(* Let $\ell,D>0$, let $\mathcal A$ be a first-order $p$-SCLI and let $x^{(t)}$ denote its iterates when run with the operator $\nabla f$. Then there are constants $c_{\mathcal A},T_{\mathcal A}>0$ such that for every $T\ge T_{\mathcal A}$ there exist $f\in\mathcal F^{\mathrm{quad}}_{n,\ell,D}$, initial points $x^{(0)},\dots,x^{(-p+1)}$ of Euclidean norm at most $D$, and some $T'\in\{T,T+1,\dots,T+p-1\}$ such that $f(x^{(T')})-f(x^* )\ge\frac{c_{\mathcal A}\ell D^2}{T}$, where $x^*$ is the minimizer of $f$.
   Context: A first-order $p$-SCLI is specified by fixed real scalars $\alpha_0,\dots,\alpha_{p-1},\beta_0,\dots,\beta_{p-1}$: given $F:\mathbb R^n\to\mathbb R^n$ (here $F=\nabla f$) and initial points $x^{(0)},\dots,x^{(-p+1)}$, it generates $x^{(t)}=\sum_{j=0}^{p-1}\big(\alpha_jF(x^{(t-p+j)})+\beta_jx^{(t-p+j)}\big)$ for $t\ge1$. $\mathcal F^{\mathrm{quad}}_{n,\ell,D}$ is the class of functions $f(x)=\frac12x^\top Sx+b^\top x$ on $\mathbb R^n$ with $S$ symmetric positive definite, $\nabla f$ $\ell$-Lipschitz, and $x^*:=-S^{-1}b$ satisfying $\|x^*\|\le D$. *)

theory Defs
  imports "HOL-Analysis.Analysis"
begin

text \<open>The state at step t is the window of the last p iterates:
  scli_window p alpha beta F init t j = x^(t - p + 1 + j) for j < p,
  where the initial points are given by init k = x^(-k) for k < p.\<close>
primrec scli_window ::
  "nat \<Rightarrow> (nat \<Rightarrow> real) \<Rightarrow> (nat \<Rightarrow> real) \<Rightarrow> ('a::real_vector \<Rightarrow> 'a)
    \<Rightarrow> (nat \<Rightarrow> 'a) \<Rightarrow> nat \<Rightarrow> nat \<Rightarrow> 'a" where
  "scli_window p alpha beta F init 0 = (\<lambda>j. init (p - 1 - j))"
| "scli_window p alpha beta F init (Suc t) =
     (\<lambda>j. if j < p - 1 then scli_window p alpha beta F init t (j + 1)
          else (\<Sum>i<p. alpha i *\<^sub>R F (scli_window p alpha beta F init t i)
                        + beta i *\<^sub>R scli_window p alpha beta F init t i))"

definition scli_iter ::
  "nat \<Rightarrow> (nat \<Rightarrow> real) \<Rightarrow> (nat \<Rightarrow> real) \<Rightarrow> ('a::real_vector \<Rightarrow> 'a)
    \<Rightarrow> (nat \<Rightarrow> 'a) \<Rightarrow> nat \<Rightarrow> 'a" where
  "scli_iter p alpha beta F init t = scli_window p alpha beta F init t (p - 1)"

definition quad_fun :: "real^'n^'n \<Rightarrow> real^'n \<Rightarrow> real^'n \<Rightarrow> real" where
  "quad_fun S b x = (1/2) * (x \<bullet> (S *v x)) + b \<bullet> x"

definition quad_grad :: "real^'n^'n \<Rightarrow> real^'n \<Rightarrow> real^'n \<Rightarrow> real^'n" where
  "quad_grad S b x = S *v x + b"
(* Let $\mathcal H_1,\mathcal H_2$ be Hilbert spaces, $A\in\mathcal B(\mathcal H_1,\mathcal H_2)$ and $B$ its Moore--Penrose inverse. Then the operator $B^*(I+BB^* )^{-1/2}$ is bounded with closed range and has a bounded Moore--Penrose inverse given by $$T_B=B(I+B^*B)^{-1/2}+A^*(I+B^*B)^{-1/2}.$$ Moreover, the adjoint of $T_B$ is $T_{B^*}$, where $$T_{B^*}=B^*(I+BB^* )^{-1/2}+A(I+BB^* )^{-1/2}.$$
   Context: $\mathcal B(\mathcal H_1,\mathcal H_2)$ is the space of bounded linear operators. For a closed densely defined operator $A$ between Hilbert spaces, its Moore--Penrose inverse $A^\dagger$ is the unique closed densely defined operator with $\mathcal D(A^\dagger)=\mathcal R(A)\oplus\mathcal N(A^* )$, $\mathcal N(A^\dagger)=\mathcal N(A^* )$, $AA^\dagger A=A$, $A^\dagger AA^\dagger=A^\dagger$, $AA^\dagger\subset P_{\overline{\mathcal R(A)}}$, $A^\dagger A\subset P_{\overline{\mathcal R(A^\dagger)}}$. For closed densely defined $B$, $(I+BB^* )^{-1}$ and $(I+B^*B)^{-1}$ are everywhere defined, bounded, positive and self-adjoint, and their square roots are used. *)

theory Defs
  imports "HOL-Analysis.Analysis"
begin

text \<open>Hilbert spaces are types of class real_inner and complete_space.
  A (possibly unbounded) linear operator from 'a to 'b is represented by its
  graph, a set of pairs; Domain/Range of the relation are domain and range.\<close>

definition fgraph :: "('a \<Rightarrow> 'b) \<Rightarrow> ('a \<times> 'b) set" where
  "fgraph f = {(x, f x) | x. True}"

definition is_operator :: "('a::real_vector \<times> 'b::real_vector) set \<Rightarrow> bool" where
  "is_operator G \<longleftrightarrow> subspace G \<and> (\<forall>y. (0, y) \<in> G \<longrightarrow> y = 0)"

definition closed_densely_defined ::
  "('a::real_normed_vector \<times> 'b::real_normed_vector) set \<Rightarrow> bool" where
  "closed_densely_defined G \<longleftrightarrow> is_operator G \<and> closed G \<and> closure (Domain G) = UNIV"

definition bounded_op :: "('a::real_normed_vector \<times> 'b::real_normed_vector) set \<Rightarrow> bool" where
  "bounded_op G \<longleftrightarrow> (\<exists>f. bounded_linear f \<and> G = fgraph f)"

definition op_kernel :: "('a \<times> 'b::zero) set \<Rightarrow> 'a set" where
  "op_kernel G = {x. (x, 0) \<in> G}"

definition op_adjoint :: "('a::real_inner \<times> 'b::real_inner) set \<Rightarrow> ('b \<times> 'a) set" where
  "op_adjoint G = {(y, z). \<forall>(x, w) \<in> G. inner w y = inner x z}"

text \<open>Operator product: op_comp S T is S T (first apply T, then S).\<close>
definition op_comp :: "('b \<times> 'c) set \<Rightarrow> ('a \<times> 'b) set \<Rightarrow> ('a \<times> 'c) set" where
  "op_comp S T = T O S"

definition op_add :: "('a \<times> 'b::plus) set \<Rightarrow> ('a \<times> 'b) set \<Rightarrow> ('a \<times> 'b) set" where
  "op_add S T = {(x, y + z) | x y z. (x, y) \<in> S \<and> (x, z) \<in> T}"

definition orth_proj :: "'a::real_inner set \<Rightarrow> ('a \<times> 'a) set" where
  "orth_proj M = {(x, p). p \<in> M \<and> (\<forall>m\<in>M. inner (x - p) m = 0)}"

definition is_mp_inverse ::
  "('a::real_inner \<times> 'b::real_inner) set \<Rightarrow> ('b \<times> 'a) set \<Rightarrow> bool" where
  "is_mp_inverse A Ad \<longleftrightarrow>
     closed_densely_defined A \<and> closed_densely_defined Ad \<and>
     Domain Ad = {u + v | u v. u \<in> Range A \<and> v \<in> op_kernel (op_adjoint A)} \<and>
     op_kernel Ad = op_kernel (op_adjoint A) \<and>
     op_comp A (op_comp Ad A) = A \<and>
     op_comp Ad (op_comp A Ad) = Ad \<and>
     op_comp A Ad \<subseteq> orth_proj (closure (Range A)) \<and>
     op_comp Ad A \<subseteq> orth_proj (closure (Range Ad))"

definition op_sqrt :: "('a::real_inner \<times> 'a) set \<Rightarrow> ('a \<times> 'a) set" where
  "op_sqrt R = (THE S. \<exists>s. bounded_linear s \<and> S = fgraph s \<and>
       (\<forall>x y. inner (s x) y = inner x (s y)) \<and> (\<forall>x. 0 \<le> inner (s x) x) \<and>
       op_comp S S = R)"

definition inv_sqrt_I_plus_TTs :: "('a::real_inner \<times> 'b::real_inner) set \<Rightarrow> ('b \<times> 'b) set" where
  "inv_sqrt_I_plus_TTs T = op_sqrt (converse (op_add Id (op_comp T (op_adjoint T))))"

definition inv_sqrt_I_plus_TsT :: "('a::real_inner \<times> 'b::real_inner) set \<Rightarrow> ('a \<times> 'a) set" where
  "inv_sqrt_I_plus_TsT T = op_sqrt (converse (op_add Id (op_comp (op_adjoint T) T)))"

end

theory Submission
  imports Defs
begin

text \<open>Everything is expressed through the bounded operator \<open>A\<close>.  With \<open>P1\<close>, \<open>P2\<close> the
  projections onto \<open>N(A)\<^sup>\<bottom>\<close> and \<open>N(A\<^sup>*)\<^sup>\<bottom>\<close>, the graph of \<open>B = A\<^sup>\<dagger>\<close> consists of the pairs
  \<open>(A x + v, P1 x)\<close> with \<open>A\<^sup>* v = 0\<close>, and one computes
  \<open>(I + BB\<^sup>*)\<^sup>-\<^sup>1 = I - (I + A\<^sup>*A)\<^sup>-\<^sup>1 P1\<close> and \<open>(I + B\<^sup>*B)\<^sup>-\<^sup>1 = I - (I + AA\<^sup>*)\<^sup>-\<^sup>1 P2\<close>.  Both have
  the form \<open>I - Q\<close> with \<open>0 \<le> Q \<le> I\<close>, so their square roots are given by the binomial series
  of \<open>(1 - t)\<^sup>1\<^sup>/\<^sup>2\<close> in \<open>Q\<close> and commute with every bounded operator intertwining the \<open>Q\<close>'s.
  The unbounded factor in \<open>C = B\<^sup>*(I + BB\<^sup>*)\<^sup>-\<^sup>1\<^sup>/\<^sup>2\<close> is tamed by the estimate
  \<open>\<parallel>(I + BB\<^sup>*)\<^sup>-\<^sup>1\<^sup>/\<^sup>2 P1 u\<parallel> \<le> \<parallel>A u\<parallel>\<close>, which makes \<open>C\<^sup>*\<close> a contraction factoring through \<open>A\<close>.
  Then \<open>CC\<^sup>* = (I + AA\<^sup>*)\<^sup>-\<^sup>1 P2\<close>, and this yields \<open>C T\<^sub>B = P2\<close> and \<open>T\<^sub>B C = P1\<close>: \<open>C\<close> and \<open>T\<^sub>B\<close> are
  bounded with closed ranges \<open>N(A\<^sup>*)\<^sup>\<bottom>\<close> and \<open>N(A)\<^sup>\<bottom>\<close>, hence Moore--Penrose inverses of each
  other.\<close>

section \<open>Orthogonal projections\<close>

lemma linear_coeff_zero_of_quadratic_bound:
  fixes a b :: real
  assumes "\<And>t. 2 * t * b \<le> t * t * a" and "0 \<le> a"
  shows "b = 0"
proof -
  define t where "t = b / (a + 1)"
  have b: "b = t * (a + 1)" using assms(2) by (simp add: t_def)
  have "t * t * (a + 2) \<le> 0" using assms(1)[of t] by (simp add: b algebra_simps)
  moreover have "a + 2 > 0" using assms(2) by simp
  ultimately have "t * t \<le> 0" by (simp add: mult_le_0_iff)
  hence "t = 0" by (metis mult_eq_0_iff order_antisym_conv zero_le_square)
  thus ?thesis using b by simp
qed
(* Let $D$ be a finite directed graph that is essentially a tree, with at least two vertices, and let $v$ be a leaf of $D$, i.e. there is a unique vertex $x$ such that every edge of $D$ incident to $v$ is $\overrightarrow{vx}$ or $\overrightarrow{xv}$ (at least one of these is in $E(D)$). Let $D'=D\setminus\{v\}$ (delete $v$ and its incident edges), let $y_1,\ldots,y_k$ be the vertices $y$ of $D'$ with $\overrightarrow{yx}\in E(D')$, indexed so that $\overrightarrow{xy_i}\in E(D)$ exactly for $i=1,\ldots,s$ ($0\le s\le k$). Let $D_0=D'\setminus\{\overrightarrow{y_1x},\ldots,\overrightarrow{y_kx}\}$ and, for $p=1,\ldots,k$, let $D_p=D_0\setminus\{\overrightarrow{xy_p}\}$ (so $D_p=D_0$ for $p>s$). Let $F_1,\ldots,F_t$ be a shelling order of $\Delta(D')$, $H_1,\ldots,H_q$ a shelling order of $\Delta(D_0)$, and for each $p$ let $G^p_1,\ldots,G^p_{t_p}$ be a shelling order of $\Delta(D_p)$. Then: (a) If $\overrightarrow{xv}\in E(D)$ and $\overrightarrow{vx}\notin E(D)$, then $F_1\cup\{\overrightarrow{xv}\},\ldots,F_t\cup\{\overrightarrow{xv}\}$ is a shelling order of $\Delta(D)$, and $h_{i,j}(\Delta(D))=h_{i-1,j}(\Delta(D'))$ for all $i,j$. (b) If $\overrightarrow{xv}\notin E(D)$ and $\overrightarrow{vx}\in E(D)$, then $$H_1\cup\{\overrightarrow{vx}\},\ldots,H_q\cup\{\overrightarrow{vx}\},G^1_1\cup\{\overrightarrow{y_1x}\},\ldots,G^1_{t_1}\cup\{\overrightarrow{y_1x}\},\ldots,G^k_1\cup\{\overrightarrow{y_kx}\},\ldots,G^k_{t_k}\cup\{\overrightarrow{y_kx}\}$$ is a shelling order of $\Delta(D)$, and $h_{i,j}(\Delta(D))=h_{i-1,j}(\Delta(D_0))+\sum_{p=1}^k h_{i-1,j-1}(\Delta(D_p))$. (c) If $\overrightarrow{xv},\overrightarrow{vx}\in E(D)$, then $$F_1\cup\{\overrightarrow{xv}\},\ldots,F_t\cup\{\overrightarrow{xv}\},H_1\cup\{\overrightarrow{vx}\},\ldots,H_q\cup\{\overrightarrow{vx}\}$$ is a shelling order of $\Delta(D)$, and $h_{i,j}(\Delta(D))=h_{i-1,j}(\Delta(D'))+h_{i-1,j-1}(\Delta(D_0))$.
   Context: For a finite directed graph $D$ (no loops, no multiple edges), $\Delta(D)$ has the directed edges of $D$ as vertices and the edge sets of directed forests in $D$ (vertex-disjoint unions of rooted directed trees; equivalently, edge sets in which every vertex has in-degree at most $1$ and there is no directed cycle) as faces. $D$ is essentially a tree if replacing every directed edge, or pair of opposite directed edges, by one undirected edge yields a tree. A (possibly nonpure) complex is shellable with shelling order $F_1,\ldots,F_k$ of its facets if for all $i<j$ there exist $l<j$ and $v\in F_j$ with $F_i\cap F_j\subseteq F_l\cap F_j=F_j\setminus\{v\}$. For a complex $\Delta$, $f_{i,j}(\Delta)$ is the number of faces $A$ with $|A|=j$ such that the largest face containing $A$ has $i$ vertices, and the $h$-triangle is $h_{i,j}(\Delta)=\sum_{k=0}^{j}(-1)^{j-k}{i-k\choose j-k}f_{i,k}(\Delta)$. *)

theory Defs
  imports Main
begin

● ● ● ●

**About this exercise:** Exactly how many lines in the material above mention the word "fgraph"? Give the number and nothing besides.

**Answer:** 4